### Data records
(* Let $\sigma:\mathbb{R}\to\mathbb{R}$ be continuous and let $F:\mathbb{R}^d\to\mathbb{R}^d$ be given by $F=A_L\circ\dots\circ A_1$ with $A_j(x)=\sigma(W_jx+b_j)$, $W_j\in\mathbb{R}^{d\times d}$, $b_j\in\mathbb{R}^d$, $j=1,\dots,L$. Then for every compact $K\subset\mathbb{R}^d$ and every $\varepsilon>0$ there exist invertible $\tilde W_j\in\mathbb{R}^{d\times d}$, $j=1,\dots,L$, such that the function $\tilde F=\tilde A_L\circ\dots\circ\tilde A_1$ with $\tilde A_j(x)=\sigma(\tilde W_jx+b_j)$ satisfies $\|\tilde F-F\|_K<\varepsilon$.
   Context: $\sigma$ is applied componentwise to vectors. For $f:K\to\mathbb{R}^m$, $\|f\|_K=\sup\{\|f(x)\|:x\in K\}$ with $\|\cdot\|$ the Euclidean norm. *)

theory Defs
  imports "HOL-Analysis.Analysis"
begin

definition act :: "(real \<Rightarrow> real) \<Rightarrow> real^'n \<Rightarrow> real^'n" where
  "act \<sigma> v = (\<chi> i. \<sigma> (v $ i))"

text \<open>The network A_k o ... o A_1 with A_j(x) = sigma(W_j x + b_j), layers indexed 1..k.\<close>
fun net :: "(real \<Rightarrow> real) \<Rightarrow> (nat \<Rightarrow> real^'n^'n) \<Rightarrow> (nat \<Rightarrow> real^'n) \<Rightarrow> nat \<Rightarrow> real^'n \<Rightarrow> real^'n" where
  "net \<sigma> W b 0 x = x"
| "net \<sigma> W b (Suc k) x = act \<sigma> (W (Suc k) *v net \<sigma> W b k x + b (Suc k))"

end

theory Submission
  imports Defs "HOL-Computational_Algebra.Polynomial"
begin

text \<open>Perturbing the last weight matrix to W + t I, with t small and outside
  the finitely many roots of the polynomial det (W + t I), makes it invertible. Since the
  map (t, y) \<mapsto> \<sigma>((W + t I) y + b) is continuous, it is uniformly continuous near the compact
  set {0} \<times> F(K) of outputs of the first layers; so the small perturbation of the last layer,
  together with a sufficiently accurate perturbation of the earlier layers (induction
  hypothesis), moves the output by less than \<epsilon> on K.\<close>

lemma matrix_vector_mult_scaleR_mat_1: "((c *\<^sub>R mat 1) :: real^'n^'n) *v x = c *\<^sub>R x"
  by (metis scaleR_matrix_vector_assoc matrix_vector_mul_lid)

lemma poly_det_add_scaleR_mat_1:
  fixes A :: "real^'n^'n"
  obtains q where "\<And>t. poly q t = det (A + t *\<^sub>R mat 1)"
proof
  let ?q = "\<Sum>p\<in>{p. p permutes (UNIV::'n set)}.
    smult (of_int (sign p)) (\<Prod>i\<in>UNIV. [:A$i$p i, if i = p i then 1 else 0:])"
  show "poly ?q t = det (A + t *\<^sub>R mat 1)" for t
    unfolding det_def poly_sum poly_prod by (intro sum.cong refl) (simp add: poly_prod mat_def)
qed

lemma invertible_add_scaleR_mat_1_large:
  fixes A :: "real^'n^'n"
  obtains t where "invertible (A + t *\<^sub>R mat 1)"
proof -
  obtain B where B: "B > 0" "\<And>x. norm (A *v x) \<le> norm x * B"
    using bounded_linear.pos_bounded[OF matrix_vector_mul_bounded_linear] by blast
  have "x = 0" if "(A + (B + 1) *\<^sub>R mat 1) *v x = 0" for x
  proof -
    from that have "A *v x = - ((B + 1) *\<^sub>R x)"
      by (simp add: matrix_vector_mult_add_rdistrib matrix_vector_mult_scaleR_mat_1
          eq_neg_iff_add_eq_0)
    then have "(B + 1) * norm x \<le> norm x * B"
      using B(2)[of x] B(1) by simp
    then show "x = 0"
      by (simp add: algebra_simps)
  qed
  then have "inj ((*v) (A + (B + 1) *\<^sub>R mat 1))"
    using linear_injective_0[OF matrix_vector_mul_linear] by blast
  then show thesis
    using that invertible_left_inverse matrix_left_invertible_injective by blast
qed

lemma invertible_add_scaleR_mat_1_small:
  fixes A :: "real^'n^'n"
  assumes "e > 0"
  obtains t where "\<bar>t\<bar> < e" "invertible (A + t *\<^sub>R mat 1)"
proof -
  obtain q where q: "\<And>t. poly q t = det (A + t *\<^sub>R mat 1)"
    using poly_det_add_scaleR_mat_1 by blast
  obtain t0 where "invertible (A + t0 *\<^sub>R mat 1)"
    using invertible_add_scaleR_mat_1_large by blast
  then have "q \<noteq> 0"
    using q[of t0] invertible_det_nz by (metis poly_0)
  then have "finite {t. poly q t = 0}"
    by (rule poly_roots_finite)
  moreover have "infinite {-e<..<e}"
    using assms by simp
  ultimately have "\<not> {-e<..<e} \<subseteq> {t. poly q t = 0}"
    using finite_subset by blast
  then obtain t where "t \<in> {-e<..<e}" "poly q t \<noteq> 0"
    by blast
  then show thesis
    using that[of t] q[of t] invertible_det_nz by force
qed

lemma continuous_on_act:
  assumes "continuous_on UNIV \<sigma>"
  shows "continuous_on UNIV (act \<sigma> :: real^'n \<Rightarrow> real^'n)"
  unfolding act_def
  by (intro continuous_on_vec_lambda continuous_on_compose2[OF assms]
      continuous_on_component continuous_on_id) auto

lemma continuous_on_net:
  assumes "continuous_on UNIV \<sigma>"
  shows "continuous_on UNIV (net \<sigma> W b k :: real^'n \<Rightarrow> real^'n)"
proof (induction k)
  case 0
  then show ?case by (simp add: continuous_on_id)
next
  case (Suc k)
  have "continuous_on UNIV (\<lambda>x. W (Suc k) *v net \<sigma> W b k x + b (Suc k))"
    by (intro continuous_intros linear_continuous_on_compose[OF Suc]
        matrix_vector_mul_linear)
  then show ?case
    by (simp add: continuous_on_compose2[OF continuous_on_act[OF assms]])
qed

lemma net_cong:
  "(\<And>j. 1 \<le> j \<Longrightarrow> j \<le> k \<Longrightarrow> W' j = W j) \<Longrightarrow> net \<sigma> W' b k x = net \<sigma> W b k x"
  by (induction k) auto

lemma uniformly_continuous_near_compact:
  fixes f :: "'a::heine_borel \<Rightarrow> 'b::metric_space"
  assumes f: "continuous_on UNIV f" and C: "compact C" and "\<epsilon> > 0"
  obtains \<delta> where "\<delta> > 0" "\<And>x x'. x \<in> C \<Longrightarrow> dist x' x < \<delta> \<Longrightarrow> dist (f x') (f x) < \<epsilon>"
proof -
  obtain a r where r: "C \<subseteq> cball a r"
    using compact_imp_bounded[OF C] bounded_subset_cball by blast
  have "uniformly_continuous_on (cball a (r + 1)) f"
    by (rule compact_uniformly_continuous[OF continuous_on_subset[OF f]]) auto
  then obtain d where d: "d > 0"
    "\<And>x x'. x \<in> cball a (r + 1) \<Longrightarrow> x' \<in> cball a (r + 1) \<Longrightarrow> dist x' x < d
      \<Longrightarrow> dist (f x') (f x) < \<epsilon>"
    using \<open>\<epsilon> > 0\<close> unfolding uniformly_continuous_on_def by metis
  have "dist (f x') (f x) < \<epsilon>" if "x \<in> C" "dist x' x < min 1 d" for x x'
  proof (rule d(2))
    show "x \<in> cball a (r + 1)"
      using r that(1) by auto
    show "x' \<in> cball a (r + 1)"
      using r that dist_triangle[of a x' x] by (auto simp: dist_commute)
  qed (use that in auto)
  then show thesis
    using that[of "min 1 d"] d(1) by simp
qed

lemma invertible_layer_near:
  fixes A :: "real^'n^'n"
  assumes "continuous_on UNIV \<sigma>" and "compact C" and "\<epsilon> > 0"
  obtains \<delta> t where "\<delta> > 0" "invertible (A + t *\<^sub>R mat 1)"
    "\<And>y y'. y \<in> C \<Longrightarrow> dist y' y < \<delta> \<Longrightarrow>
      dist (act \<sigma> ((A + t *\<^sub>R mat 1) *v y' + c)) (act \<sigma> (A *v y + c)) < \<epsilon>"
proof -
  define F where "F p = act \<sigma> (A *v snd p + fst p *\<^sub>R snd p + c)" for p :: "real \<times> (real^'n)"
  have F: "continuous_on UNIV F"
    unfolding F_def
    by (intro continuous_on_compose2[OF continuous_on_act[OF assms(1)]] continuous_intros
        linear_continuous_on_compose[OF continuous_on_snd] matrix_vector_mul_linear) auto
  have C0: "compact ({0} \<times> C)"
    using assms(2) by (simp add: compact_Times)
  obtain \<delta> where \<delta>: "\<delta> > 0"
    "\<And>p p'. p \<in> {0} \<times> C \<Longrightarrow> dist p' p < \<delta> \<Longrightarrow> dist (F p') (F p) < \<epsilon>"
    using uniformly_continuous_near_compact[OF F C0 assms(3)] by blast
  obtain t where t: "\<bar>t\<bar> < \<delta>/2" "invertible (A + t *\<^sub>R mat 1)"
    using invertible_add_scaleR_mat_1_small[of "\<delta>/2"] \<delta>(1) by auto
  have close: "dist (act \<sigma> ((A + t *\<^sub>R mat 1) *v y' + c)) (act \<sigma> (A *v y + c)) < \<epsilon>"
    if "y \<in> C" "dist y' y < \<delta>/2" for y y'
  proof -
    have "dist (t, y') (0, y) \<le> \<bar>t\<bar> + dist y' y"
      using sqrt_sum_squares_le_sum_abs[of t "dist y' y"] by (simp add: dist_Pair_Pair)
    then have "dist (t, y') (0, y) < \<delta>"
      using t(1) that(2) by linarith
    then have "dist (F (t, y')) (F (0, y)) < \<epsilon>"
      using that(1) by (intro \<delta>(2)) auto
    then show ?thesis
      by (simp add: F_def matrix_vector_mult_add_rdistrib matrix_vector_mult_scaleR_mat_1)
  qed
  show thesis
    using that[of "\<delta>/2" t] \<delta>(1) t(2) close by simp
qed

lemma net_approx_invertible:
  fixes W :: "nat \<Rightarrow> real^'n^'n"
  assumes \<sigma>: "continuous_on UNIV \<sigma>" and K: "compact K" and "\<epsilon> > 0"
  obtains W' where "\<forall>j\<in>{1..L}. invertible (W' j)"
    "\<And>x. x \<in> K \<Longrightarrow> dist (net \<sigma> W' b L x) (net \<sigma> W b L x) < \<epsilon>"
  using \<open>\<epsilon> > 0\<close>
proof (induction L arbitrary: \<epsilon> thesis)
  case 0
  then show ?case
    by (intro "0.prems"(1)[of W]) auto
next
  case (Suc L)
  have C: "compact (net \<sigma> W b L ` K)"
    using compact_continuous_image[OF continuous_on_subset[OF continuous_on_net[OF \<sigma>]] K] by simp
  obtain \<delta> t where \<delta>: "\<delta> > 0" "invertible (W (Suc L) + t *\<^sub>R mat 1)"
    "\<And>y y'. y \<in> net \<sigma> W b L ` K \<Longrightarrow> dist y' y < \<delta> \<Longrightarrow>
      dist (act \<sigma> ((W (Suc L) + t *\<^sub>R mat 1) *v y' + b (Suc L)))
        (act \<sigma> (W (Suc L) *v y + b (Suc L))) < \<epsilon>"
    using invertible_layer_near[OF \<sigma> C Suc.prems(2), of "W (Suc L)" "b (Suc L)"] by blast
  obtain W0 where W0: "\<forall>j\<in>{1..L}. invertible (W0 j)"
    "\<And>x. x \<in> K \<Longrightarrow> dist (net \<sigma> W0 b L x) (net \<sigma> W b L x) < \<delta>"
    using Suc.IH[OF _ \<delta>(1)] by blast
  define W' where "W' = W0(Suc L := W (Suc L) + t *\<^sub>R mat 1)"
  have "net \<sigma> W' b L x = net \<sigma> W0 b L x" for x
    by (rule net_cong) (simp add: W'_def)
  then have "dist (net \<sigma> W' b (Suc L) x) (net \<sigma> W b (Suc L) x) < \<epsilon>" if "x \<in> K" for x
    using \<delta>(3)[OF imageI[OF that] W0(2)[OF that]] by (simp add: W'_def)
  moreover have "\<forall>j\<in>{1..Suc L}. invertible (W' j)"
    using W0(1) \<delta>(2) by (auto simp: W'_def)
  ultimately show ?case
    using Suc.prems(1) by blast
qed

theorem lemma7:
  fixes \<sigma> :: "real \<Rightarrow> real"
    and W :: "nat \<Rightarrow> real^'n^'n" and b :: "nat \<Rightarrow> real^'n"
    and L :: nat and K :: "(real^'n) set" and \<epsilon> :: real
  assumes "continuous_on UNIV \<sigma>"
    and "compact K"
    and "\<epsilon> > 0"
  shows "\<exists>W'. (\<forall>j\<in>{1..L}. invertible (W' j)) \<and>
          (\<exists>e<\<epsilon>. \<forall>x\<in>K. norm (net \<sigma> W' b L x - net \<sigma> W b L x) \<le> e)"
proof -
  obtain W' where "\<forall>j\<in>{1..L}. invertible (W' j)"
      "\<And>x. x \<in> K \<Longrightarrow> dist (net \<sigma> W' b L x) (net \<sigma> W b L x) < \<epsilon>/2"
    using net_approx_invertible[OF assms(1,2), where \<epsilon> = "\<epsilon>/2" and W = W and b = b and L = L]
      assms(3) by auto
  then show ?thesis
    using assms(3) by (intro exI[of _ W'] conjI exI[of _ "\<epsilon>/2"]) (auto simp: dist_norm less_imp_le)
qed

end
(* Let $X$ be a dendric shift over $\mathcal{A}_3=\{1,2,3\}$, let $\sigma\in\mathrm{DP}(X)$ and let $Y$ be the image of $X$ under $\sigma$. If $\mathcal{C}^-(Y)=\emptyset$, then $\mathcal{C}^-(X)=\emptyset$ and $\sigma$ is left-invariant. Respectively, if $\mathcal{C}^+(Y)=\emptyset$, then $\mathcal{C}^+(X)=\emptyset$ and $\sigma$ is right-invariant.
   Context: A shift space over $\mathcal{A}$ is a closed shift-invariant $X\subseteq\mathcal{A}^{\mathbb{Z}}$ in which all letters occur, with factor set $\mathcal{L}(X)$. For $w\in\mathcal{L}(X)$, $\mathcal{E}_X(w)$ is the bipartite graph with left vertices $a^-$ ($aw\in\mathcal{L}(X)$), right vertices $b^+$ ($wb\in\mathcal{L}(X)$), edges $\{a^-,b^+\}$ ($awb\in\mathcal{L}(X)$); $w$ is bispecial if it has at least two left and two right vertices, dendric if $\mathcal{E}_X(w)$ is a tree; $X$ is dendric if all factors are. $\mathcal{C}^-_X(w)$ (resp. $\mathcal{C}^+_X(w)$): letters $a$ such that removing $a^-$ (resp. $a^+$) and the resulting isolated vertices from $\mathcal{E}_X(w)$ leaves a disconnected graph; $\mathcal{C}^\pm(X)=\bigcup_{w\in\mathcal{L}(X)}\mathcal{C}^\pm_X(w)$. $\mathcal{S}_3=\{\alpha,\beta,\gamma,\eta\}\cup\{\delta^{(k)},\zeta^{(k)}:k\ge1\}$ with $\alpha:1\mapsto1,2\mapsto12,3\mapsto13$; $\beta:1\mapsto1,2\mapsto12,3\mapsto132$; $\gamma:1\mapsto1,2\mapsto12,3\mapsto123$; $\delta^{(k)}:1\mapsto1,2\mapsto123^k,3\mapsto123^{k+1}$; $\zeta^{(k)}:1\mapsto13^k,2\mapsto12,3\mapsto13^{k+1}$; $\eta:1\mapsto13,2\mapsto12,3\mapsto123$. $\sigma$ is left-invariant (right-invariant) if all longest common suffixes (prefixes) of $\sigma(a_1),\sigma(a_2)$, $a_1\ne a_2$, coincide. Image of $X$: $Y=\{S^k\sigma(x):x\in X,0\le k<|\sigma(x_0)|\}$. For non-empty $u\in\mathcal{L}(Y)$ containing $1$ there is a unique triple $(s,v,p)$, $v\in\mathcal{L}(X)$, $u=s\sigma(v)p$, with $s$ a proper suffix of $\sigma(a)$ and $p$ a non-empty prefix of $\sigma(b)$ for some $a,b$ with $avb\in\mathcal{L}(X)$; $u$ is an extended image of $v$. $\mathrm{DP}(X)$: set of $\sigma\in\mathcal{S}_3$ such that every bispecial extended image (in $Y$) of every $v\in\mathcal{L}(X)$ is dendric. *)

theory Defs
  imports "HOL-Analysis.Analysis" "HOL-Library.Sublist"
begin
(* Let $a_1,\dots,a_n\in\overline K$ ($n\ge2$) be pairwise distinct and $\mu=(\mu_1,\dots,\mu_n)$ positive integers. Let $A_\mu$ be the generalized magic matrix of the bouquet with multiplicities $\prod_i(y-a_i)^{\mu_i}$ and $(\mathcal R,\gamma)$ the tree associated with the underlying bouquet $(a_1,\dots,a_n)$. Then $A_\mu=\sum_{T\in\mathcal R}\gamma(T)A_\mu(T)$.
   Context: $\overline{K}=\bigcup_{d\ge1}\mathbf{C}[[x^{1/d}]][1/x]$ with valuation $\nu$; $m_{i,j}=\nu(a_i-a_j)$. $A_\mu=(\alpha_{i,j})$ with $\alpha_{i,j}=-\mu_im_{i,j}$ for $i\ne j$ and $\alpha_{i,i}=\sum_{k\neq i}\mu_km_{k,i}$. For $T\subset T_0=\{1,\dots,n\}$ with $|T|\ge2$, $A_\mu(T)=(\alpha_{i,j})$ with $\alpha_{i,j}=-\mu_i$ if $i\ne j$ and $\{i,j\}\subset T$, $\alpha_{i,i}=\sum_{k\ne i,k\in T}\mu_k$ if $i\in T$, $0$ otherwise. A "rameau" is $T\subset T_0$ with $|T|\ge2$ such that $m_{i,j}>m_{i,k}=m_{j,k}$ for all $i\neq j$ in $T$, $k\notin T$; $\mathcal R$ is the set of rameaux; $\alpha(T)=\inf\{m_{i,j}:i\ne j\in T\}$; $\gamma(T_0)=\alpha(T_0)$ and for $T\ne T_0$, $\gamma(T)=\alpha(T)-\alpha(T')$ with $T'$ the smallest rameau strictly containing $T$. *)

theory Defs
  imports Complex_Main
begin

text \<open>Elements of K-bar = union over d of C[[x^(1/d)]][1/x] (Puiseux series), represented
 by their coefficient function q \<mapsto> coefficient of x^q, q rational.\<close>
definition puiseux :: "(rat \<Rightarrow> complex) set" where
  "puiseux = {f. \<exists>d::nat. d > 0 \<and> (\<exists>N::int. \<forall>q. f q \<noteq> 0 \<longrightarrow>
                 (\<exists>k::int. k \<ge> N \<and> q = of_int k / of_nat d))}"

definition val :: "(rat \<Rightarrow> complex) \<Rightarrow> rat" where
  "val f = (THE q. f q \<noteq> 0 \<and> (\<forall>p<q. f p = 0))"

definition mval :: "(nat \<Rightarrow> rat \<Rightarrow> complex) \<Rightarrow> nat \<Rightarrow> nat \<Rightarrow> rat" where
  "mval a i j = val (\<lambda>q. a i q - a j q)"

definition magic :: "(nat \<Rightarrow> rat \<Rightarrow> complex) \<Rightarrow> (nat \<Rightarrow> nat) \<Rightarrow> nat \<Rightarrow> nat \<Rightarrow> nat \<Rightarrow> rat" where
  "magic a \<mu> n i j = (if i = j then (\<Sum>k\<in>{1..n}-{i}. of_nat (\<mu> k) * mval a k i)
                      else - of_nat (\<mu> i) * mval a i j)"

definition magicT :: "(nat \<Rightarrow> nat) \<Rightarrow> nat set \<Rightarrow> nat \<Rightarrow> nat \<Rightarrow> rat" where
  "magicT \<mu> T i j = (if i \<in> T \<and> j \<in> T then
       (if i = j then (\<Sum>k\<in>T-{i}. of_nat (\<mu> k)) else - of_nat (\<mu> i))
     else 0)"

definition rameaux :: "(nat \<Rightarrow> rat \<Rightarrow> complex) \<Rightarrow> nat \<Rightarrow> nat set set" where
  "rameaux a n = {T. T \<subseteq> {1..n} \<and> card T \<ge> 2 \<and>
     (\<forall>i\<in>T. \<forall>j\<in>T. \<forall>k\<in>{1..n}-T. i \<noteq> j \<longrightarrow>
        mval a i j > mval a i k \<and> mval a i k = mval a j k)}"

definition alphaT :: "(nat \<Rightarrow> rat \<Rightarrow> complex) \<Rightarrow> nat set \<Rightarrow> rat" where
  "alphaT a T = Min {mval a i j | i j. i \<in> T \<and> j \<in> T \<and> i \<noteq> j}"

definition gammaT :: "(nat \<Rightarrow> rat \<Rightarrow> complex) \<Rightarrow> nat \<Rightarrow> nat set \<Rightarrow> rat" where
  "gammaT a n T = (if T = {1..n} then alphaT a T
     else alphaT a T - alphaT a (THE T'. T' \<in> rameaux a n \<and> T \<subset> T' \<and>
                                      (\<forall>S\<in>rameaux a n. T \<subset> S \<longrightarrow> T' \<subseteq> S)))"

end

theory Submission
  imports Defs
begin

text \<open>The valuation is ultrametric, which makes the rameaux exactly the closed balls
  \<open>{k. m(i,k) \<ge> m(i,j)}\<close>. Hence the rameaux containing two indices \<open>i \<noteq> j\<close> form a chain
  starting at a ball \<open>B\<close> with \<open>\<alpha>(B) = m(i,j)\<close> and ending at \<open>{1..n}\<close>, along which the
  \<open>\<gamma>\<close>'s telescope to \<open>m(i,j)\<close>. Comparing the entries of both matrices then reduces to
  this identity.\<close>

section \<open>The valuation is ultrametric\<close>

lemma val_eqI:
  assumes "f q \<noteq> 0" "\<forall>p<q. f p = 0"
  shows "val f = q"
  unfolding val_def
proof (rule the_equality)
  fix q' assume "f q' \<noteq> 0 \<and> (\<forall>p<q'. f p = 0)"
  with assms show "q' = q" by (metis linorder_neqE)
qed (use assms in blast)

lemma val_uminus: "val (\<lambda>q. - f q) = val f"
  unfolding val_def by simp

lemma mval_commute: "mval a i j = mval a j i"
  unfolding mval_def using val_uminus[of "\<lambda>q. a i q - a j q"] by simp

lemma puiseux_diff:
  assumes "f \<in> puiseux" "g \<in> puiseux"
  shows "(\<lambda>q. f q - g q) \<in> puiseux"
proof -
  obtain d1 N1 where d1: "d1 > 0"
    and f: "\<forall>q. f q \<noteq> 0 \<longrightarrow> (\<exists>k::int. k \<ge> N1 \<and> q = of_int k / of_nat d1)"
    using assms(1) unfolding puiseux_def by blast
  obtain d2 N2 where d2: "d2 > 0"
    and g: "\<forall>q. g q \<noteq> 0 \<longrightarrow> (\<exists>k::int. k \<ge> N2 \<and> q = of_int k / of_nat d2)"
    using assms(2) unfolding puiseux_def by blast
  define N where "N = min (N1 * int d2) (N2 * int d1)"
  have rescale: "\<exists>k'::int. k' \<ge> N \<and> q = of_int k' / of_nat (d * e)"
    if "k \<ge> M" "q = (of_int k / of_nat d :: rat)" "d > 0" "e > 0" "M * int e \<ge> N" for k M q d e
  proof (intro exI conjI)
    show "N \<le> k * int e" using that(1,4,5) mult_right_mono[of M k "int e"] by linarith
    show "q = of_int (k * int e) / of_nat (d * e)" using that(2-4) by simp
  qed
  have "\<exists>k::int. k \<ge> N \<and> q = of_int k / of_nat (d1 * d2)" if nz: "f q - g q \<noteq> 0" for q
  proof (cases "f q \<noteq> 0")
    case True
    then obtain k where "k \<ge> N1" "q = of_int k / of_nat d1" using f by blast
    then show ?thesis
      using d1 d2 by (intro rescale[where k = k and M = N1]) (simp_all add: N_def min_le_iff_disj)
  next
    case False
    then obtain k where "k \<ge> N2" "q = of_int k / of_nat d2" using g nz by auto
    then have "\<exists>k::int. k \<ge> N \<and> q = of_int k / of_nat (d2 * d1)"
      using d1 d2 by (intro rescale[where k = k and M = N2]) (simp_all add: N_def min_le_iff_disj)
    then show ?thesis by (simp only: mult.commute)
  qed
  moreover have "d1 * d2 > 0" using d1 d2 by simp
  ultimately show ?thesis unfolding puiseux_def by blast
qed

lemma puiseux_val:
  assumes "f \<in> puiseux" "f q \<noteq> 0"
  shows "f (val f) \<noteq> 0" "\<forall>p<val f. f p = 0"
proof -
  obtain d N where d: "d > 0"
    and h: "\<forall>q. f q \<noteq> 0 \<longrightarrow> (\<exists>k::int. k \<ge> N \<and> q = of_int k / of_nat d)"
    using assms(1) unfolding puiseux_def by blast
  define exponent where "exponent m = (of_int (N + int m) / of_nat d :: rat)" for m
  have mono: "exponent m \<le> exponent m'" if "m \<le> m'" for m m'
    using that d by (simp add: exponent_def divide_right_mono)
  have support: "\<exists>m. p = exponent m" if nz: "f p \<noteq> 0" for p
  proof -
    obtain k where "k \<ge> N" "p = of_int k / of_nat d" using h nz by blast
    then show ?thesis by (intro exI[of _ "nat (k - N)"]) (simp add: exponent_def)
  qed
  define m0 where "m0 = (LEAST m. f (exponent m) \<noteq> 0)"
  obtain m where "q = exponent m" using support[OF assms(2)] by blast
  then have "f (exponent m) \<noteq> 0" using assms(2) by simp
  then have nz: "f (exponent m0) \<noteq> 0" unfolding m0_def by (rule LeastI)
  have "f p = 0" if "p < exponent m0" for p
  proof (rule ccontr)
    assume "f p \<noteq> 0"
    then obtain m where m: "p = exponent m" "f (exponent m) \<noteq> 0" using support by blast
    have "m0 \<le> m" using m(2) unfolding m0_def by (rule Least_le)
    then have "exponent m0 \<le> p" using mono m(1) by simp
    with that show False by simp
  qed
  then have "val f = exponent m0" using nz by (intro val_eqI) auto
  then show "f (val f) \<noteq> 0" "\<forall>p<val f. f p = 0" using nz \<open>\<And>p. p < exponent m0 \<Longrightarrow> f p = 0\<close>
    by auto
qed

### Work task
A verbatim transcription is needed of the lines above, starting at the line with "using Suc.prems(1) by blast" and ending at the line with "(* Let $X$ be", both included, and of nothing else.

### Solution to this task
    using Suc.prems(1) by blast
qed

theorem lemma7:
  fixes \<sigma> :: "real \<Rightarrow> real"
    and W :: "nat \<Rightarrow> real^'n^'n" and b :: "nat \<Rightarrow> real^'n"
    and L :: nat and K :: "(real^'n) set" and \<epsilon> :: real
  assumes "continuous_on UNIV \<sigma>"
    and "compact K"
    and "\<epsilon> > 0"
  shows "\<exists>W'. (\<forall>j\<in>{1..L}. invertible (W' j)) \<and>
          (\<exists>e<\<epsilon>. \<forall>x\<in>K. norm (net \<sigma> W' b L x - net \<sigma> W b L x) \<le> e)"
proof -
  obtain W' where "\<forall>j\<in>{1..L}. invertible (W' j)"
      "\<And>x. x \<in> K \<Longrightarrow> dist (net \<sigma> W' b L x) (net \<sigma> W b L x) < \<epsilon>/2"
    using net_approx_invertible[OF assms(1,2), where \<epsilon> = "\<epsilon>/2" and W = W and b = b and L = L]
      assms(3) by auto
  then show ?thesis
    using assms(3) by (intro exI[of _ W'] conjI exI[of _ "\<epsilon>/2"]) (auto simp: dist_norm less_imp_le)
qed

end
(* Let $X$ be a dendric shift over $\mathcal{A}_3=\{1,2,3\}$, let $\sigma\in\mathrm{DP}(X)$ and let $Y$ be the image of $X$ under $\sigma$. If $\mathcal{C}^-(Y)=\emptyset$, then $\mathcal{C}^-(X)=\emptyset$ and $\sigma$ is left-invariant. Respectively, if $\mathcal{C}^+(Y)=\emptyset$, then $\mathcal{C}^+(X)=\emptyset$ and $\sigma$ is right-invariant.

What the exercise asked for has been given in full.